# M36 Jackson WW2-era tank destroyer- Canadian service?



## CougarKing (28 Aug 2014)

Anyone familiar with armoured history of the Second World War would know that the Canadian Army used M10 Achilles tank destroyers in Europe during that time. 

Still, does anyone here know if the Canadian Army used the successor tank destroyer called M36 Jackson? I did an exhaustive search on this site as well as  on other sites, but to no avail. 

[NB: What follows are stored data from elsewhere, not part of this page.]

lemma sees_origin:
  assumes L: "0 < L" and j: "0 < j" "j \<le> length hs" and "k \<le> j"
    and high: "\<And>c. c < j \<Longrightarrow> min (Suc c) k \<le> hs ! c"
  shows "sees L hs (0, 0) (L * real j, L * real k)"
  unfolding sees_def
proof
  fix z assume "z \<in> closed_segment (0, 0) (L * real j, L * real k)"
  then obtain u where u: "0 \<le> u" "u \<le> 1" and z: "z = (L * (u * real j), L * (u * real k))"
    by (auto simp: closed_segment_def)
  have "0 \<le> u * real j" "u * real j \<le> real j"
    using u by (auto simp: mult_left_le_one_le)
  then obtain c where c: "c < j" "real c \<le> u * real j" "u * real j \<le> real (Suc c)"
    using obtain_column_containing j(1) by blast
  have "u * real k \<le> u * real j" "u * real k \<le> real k"
    using u \<open>k \<le> j\<close> by (auto simp: mult_left_mono mult_left_le_one_le)
  then have "u * real k \<le> real (hs ! c)"
    using high[OF c(1)] c(3) by (simp add: min_def split: if_splits)
  then show "z \<in> polygon L hs"
    using L u c j(2) by (auto simp: z polygon_def mult_left_mono intro!: exI[of _ c])
qed

lemma mem_polygon_rev_iff:
  "(x, y) \<in> polygon L (rev hs) \<longleftrightarrow> (L * real (length hs) - x, y) \<in> polygon L hs"
proof -
  have mirror: "L * real c \<le> x \<and> x \<le> L * real (Suc c) \<longleftrightarrow>
    L * real c' \<le> L * real (length hs) - x \<and> L * real (length hs) - x \<le> L * real (Suc c')"
    if "c + c' + 1 = length hs" for c c'
  proof -
    have "real (length hs) = real c + real c' + 1" using that by linarith
    then show ?thesis by (auto simp: algebra_simps)
  qed
  show ?thesis
  proof
    assume "(x, y) \<in> polygon L (rev hs)"
    then obtain c where "c < length hs" "0 \<le> y" "L * real c \<le> x" "x \<le> L * real (Suc c)"
      "y \<le> L * real (hs ! (length hs - Suc c))"
      by (auto simp: polygon_def rev_nth)
    then show "(L * real (length hs) - x, y) \<in> polygon L hs"
      using mirror[of c "length hs - Suc c"] by (auto simp: polygon_def intro!: exI[of _ "length hs - Suc c"])
  next
    assume "(L * real (length hs) - x, y) \<in> polygon L hs"
    then obtain c' where "c' < length hs" "0 \<le> y" "L * real c' \<le> L * real (length hs) - x"
      "L * real (length hs) - x \<le> L * real (Suc c')" "y \<le> L * real (hs ! c')"
      by (auto simp: polygon_def)
    then show "(x, y) \<in> polygon L (rev hs)"
      using mirror[of "length hs - Suc c'" c']
      by (auto simp: polygon_def rev_nth Suc_diff_Suc intro!: exI[of _ "length hs - Suc c'"])
  qed
qed

lemma sees_rev_iff:
  "sees L (rev hs) (x1, y1) (x2, y2) \<longleftrightarrow>
   sees L hs (L * real (length hs) - x1, y1) (L * real (length hs) - x2, y2)"
proof -
  define f where "f = (\<lambda>(x, y). (L * real (length hs) - x, y :: real))"
  have "f = (\<lambda>z. (L * real (length hs), 0) + (\<lambda>(x, y). (- x, y)) z)"
    by (auto simp: f_def)
  moreover have "linear (\<lambda>(x :: real, y :: real). (- x, y))"
    by (rule linearI) auto
  ultimately have seg: "closed_segment (f p) (f q) = f ` closed_segment p q" for p q
    by (simp add: closed_segment_translation closed_segment_linear_image image_image)
  have "polygon L (rev hs) = f -` polygon L hs"
    by (auto simp: f_def mem_polygon_rev_iff)
  then show ?thesis
    using seg[of "(x1, y1)" "(x2, y2)"] by (auto simp: sees_def f_def image_subset_iff_subset_vimage)
qed

lemma orientation_fixed_base_first_tab:
  assumes L: "0 < L" and uh: "uniform_hist hs" and R: "(i, j, k) \<in> rects L hs"
    and cov: "covers_column (LEAST c. is_tab hs c) (i, j, k)" and ne: "(i, j, k) \<noteq> base_rect hs"
  shows "orientation_fixed L hs (base_rect hs) (i, j, k)"
proof -
  note R1 = rectsD[OF L R]
  have stair: "c \<le> i \<Longrightarrow> hs ! c = Suc c" for c
    using uniform_hist_nth_upto_first_tab[OF uh, of c] cov R1(1,2) by (auto simp: covers_column_def)
  have "sees L hs (0, 0) (L * real j, L * real k)"
  proof (rule sees_origin[OF L])
    show "k \<le> j" using stair[of i] R1(1,3) by simp
    show "min (Suc c) k \<le> hs ! c" if "c < j" for c
      using stair[of c] R1(5)[of c] that by (cases "c \<le> i") auto
  qed (use R1 in auto)
  then show ?thesis
    using ne by (auto simp: orientation_fixed_def base_rect_def bottom_vertices_def top_vertices_def)
qed

lemma orientation_fixed_base_last_tab:
  assumes L: "0 < L" and uh: "uniform_hist hs" and R: "(i, j, k) \<in> rects L hs"
    and cov: "covers_column (GREATEST c. is_tab hs c) (i, j, k)" and ne: "(i, j, k) \<noteq> base_rect hs"
  shows "orientation_fixed L hs (base_rect hs) (i, j, k)"
proof -
  note R1 = rectsD[OF L R]
  let ?n = "length hs"
  have stair: "j - 1 \<le> d \<Longrightarrow> d < ?n \<Longrightarrow> hs ! d = ?n - d" for d
    using uniform_hist_nth_from_last_tab[OF uh, of d] cov by (auto simp: covers_column_def)
  have "sees L (rev hs) (0, 0) (L * real (?n - i), L * real k)"
  proof (rule sees_origin[OF L])
    show "k \<le> ?n - i" using stair[of "j - 1"] R1(1,2,4) by simp
    show "min (Suc c) k \<le> rev hs ! c" if "c < ?n - i" for c
    proof -
      have "i \<le> ?n - Suc c" "?n - Suc c < ?n" using that by auto
      then show ?thesis using stair[of "?n - Suc c"] R1(5)[of "?n - Suc c"] that
        by (cases "?n - Suc c < j") (auto simp: rev_nth)
    qed
  qed (use R1 in auto)
  then have "sees L hs (L * real ?n, 0) (L * real i, L * real k)"
    using R1(1,2) by (simp add: sees_rev_iff of_nat_diff algebra_simps)
  then show ?thesis
    using ne by (auto simp: orientation_fixed_def base_rect_def bottom_vertices_def top_vertices_def)
qed

theorem lemma14:
  fixes L :: real and hs :: "nat list" and R :: "nat \<times> nat \<times> nat"
  assumes "0 < L" and "uniform_hist hs"
    and "on_left_spine L hs R \<or> on_right_spine L hs R"
    and "R \<noteq> base_rect hs"
  shows "orientation_fixed L hs (base_rect hs) R"
proof -
  obtain i j k where R: "R = (i, j, k)" by (cases R)
  from assms(3) show ?thesis
  proof
    assume "on_left_spine L hs R"
    then show ?thesis
      using on_left_spine_covers_first_tab[OF assms(1)] orientation_fixed_base_first_tab[OF assms(1,2)]
        assms(4) R by blast
  next
    assume "on_right_spine L hs R"
    then show ?thesis
      using on_right_spine_covers_last_tab[OF assms(1)] orientation_fixed_base_last_tab[OF assms(1,2)]
        assms(4) R by blast
  qed
qed

end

It does say the following on wikipedia entry for the M36 Jackson, but not all wiki entries are reliable, as we all know:



> Operators:
> 
> USA: US Army Main Operator
> Bosnia: Bosnian Army used them as part of the Balkan Wars of the 1990s
> ...



Given the need to maintain commonality with the British Army when it came to using the same equipment at the time, wouldn't it be strange that the Jackson was used by the Canadian Army and not by the Brits? That's another reason why I am reluctant to believe what the wiki entry says.

Anyone who has information that could further shed light on this would be a great help.  

(A picture of an M36, which is similar in profile to Sherman tanks.)


----------



## Colin Parkinson (28 Aug 2014)

First I have heard about it. It's possible it took part in post-war trials in Canada


----------



## McG (28 Aug 2014)

I believe the pacific force that was being built at war's end was intended to have more in common with the US as compared to the European theatre.  Could we have had this vehicle with the intent of using it against Japan?


----------



## MilEME09 (29 Aug 2014)

MCG said:
			
		

> I believe the pacific force that was being built at war's end was intended to have more in common with the US as compared to the European theatre.  Could we have had this vehicle with the intent of using it against Japan?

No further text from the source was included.